Both the line with "using continuous_on_compose2[OF continuous_on_k" and the line with "using k_le_q k_nonneg q_pos" in the records below must appear in the output, along with every line between them, exactly and with nothing added.

====== PROVIDED INFORMATION ======

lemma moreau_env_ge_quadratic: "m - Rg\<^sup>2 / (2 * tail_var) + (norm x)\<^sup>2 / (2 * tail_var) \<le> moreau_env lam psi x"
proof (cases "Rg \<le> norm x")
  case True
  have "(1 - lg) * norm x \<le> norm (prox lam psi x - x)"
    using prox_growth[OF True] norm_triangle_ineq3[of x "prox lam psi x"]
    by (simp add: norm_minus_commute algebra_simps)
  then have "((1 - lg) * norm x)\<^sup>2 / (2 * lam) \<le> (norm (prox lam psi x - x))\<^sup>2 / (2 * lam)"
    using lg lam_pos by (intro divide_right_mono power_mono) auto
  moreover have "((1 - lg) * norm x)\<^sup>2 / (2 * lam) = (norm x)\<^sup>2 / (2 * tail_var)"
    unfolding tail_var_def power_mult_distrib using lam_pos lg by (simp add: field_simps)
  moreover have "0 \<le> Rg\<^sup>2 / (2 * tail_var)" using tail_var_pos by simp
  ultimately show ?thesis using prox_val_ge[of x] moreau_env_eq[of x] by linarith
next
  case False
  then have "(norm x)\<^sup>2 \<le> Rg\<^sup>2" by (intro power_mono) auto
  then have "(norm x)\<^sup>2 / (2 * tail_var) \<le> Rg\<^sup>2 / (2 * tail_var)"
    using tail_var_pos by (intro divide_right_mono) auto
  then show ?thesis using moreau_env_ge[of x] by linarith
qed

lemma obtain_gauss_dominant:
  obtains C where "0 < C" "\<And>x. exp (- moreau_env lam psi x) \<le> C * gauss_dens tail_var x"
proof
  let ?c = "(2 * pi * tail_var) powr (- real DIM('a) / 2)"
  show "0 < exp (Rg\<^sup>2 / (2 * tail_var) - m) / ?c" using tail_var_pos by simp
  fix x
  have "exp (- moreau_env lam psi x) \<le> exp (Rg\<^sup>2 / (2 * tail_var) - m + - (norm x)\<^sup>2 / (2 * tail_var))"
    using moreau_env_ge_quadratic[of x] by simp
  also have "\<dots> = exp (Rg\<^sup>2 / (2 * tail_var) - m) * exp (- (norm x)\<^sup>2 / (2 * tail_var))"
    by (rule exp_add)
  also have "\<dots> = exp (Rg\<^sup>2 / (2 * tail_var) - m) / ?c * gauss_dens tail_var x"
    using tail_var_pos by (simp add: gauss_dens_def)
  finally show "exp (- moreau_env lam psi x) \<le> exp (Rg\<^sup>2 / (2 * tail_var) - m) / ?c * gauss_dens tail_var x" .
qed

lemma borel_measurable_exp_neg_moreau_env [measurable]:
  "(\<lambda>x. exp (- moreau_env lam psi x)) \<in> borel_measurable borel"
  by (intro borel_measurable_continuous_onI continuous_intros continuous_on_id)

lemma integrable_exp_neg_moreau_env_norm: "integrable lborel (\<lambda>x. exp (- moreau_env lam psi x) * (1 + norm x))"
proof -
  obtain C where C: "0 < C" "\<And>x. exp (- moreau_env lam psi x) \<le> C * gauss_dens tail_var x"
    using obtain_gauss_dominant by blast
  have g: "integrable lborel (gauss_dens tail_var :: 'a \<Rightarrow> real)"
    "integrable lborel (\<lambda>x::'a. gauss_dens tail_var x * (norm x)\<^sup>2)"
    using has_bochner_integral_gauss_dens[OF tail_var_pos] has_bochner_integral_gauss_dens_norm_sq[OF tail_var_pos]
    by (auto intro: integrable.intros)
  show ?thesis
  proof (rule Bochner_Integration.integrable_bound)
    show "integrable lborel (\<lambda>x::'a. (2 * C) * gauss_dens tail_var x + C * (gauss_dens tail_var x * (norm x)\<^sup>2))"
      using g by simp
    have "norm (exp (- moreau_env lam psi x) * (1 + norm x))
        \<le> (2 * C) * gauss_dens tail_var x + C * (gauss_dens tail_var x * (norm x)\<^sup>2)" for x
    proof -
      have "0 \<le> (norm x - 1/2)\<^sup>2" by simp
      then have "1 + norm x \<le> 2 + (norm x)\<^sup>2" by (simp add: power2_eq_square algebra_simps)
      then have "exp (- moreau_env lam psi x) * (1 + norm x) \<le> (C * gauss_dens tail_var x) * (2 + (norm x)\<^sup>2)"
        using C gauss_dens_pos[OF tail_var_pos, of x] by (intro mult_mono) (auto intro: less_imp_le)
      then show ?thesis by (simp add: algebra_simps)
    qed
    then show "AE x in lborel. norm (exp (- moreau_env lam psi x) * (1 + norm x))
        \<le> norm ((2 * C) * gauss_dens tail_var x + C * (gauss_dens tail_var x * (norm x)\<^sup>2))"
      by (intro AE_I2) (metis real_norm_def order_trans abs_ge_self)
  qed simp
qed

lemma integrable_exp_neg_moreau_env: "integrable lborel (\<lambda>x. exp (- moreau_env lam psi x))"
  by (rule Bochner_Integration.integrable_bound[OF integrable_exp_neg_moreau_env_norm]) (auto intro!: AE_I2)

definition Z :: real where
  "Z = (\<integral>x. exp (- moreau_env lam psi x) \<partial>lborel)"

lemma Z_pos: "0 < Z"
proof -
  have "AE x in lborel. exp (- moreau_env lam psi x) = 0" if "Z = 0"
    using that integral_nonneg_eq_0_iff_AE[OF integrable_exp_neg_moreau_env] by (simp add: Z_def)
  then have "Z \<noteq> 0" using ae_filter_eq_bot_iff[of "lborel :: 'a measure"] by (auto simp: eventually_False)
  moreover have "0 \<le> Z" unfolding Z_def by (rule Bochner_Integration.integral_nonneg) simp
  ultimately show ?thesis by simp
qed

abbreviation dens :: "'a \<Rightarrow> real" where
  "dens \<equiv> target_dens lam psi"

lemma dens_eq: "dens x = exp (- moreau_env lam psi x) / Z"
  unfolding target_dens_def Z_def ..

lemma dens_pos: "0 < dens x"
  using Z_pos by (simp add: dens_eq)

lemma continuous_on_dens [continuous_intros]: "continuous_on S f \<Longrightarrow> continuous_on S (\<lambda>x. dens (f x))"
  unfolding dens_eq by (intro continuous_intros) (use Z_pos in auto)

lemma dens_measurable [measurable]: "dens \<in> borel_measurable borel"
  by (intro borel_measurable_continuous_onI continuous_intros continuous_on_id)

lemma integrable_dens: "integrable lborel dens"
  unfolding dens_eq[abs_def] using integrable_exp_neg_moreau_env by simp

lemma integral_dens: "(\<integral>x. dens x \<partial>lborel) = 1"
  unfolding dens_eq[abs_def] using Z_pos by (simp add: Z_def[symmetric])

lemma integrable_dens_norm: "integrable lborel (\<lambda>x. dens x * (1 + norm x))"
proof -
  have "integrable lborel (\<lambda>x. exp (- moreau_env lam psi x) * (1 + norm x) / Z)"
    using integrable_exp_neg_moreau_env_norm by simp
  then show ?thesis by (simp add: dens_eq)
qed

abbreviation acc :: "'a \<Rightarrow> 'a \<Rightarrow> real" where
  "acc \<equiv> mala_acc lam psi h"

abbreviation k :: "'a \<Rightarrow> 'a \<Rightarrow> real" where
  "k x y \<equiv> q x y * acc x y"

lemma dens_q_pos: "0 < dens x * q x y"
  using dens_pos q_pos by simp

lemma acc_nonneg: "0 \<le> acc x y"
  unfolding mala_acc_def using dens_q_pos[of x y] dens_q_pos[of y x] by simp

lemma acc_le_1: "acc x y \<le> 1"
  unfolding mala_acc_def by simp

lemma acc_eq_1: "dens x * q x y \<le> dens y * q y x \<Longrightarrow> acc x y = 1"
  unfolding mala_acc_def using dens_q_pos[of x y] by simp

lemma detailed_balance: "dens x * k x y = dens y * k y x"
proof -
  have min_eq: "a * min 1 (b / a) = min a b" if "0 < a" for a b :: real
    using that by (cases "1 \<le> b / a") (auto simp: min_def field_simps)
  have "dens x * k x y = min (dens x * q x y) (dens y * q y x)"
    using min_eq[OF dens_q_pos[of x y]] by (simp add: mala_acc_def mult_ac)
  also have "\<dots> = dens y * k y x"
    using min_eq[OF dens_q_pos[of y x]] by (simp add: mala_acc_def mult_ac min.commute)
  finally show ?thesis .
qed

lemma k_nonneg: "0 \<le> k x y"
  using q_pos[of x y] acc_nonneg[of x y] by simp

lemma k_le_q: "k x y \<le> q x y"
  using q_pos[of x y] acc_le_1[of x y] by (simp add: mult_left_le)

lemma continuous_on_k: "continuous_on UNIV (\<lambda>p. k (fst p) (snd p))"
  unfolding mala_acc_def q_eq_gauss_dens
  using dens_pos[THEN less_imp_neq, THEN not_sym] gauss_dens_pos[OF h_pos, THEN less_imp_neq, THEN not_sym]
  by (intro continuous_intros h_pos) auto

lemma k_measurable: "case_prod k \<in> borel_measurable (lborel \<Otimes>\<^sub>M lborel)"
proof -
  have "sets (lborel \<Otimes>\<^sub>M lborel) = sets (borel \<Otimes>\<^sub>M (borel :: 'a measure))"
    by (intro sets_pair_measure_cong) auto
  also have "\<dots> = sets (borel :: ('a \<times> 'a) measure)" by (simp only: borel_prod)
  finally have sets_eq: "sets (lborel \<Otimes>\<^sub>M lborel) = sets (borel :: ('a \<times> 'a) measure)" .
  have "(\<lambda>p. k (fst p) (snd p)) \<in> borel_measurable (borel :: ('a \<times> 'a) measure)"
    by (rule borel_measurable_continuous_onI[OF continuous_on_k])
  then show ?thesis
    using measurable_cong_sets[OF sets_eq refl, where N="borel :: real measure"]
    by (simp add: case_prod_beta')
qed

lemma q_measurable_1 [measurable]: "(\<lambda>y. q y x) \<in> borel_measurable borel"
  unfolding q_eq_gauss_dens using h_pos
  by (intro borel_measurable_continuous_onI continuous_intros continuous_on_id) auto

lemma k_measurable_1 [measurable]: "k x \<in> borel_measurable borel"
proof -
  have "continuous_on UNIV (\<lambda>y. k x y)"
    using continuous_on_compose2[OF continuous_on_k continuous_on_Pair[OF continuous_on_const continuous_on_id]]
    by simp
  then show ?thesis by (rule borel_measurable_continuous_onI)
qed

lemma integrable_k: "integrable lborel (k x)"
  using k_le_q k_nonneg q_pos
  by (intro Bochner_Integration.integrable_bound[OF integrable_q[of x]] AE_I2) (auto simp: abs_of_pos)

======
====== PROVIDED INFORMATION ======

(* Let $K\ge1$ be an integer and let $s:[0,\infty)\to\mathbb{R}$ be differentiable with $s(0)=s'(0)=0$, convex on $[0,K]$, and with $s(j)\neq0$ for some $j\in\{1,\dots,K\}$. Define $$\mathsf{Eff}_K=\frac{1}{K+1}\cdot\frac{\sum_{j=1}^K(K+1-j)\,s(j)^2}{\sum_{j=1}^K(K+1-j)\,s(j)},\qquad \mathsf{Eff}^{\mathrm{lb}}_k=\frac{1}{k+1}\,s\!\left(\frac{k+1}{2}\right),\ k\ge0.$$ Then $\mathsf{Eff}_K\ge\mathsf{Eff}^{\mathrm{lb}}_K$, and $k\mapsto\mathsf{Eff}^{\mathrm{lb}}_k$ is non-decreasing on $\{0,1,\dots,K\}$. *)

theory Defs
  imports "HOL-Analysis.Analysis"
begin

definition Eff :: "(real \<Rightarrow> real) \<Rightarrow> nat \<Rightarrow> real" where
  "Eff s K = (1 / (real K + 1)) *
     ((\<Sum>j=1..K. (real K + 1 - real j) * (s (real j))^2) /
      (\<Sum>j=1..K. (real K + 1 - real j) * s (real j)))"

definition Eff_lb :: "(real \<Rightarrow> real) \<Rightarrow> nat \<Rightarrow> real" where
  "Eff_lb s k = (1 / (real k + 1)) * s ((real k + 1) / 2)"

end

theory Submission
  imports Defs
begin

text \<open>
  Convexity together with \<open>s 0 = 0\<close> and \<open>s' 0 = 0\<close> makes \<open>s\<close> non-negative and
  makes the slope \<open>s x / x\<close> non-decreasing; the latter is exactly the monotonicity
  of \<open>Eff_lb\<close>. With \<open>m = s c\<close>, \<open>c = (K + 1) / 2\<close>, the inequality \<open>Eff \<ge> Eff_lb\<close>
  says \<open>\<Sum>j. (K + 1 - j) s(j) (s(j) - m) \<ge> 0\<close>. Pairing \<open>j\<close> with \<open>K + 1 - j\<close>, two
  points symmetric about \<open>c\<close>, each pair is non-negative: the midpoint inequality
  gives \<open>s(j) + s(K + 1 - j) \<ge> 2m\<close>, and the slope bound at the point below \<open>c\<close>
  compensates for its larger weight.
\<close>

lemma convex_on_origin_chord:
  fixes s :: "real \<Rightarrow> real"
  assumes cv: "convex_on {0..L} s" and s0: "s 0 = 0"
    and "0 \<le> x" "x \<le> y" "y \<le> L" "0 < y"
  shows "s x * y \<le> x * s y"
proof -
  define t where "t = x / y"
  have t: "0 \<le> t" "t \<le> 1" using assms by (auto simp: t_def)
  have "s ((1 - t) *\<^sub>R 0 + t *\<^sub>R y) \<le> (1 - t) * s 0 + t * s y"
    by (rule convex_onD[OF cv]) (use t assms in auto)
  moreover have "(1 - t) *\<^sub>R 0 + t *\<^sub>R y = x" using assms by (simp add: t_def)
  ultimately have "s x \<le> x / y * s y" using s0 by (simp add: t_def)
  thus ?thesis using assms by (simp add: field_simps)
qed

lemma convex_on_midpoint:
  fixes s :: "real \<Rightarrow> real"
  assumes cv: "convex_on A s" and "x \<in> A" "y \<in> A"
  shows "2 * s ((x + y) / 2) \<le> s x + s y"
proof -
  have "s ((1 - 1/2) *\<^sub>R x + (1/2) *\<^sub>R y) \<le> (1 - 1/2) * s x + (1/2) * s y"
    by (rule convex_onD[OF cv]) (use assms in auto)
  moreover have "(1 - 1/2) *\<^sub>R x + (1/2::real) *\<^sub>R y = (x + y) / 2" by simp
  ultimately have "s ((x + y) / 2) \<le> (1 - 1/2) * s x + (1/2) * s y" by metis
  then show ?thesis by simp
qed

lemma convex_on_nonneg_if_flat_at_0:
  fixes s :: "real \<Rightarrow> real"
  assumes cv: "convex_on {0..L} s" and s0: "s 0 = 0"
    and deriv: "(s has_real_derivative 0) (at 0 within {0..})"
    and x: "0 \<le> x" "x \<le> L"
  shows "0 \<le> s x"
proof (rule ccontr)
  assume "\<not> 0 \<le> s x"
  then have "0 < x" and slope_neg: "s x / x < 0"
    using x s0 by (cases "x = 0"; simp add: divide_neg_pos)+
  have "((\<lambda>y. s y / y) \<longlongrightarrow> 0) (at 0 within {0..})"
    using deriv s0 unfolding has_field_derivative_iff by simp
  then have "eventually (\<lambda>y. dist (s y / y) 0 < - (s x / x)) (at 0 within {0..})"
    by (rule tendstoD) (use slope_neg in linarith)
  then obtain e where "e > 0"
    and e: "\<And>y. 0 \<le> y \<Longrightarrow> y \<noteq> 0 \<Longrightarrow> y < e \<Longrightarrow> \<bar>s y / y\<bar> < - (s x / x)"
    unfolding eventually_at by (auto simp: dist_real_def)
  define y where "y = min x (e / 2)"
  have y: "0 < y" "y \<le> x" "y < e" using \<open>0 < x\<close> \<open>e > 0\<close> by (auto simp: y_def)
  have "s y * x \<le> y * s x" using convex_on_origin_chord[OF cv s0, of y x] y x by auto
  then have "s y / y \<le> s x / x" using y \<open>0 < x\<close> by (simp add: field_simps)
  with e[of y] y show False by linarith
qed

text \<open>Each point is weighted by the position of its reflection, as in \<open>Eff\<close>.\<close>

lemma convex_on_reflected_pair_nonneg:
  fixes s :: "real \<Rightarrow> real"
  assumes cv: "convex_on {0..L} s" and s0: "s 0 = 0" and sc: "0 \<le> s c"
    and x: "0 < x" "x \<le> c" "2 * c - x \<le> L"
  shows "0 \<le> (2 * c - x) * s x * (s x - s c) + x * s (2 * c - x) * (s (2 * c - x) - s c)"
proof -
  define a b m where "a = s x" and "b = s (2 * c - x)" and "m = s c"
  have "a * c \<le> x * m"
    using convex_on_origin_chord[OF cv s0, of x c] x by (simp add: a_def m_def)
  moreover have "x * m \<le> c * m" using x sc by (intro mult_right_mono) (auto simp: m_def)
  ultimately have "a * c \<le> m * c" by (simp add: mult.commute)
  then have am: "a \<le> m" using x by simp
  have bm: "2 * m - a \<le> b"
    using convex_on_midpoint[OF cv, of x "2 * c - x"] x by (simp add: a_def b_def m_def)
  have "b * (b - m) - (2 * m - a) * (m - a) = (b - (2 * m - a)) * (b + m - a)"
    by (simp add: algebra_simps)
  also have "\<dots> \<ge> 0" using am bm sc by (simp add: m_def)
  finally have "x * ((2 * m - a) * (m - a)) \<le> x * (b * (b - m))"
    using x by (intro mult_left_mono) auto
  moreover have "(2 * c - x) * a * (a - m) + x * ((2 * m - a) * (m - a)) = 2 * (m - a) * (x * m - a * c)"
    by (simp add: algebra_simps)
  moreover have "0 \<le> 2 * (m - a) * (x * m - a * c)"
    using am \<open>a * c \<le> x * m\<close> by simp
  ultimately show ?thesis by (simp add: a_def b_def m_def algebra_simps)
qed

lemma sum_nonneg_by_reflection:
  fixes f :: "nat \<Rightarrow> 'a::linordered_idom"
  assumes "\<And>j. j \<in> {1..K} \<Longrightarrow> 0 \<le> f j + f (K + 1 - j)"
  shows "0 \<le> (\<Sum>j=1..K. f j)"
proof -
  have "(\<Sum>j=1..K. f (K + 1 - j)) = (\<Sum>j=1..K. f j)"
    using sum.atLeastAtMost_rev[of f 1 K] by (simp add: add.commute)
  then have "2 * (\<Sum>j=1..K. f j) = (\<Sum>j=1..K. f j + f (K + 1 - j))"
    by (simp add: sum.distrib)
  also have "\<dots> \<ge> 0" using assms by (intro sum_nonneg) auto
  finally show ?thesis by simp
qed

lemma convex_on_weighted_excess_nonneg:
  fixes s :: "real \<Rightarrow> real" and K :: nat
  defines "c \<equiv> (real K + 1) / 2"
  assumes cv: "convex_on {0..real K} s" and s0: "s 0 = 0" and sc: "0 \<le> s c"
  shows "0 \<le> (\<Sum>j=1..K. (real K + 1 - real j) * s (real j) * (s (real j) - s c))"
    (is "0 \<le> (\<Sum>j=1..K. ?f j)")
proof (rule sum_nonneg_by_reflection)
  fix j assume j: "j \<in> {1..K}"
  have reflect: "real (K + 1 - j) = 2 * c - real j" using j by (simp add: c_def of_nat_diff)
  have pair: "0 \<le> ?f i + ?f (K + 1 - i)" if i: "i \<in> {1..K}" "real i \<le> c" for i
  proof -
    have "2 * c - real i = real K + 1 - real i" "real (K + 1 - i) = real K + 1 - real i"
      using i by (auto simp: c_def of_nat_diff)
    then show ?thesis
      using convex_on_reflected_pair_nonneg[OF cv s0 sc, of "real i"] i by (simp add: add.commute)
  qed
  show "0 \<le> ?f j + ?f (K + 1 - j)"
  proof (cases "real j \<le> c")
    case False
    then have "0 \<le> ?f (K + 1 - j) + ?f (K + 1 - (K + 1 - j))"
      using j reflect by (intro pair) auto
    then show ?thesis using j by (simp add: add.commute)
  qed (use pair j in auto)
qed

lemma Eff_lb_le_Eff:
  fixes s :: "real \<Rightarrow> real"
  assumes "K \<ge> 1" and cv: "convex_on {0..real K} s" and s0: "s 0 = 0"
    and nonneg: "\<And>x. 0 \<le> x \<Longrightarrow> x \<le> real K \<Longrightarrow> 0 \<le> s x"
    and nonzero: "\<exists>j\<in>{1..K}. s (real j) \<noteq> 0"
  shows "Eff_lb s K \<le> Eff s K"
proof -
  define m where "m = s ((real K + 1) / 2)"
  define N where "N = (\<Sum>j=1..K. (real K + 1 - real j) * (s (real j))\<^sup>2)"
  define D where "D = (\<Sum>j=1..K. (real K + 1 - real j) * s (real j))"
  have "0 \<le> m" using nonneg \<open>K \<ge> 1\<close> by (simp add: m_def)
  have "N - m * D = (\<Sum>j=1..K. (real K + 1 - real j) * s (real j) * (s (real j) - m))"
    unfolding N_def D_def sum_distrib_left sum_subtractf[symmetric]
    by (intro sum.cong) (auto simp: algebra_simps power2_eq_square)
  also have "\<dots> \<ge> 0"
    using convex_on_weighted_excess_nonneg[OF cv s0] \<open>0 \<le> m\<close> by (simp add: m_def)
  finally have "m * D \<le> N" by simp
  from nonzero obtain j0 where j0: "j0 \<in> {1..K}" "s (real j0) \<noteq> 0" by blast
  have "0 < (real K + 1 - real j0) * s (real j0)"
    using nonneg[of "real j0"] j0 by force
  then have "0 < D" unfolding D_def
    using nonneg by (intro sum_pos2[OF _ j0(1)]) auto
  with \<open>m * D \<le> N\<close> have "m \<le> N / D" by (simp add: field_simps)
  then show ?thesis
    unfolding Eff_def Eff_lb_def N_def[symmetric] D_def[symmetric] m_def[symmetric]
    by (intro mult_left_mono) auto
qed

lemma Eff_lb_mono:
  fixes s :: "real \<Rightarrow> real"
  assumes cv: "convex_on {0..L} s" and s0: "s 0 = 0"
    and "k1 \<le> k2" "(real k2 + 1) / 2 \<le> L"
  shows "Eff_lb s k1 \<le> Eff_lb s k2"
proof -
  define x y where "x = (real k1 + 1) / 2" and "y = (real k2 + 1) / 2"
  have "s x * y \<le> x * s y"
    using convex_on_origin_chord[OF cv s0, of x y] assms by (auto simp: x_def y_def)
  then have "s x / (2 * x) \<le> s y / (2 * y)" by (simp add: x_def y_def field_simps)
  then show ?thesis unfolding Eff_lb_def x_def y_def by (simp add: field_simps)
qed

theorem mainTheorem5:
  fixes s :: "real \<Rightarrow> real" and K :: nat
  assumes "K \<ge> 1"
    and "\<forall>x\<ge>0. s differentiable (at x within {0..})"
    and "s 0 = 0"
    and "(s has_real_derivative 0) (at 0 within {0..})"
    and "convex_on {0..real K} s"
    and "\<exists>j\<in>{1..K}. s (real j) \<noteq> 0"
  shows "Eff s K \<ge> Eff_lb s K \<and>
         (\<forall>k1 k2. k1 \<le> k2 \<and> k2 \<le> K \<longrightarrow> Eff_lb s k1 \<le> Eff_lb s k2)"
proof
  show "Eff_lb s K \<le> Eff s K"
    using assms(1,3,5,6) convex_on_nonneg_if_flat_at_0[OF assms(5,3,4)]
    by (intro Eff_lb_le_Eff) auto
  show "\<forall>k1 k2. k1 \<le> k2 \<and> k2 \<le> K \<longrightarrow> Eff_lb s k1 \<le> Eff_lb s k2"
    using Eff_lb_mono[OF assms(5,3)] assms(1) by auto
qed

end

======

## ANSWER TO THIS EXERCISE
    using continuous_on_compose2[OF continuous_on_k continuous_on_Pair[OF continuous_on_const continuous_on_id]]
    by simp
  then show ?thesis by (rule borel_measurable_continuous_onI)
qed

lemma integrable_k: "integrable lborel (k x)"
  using k_le_q k_nonneg q_pos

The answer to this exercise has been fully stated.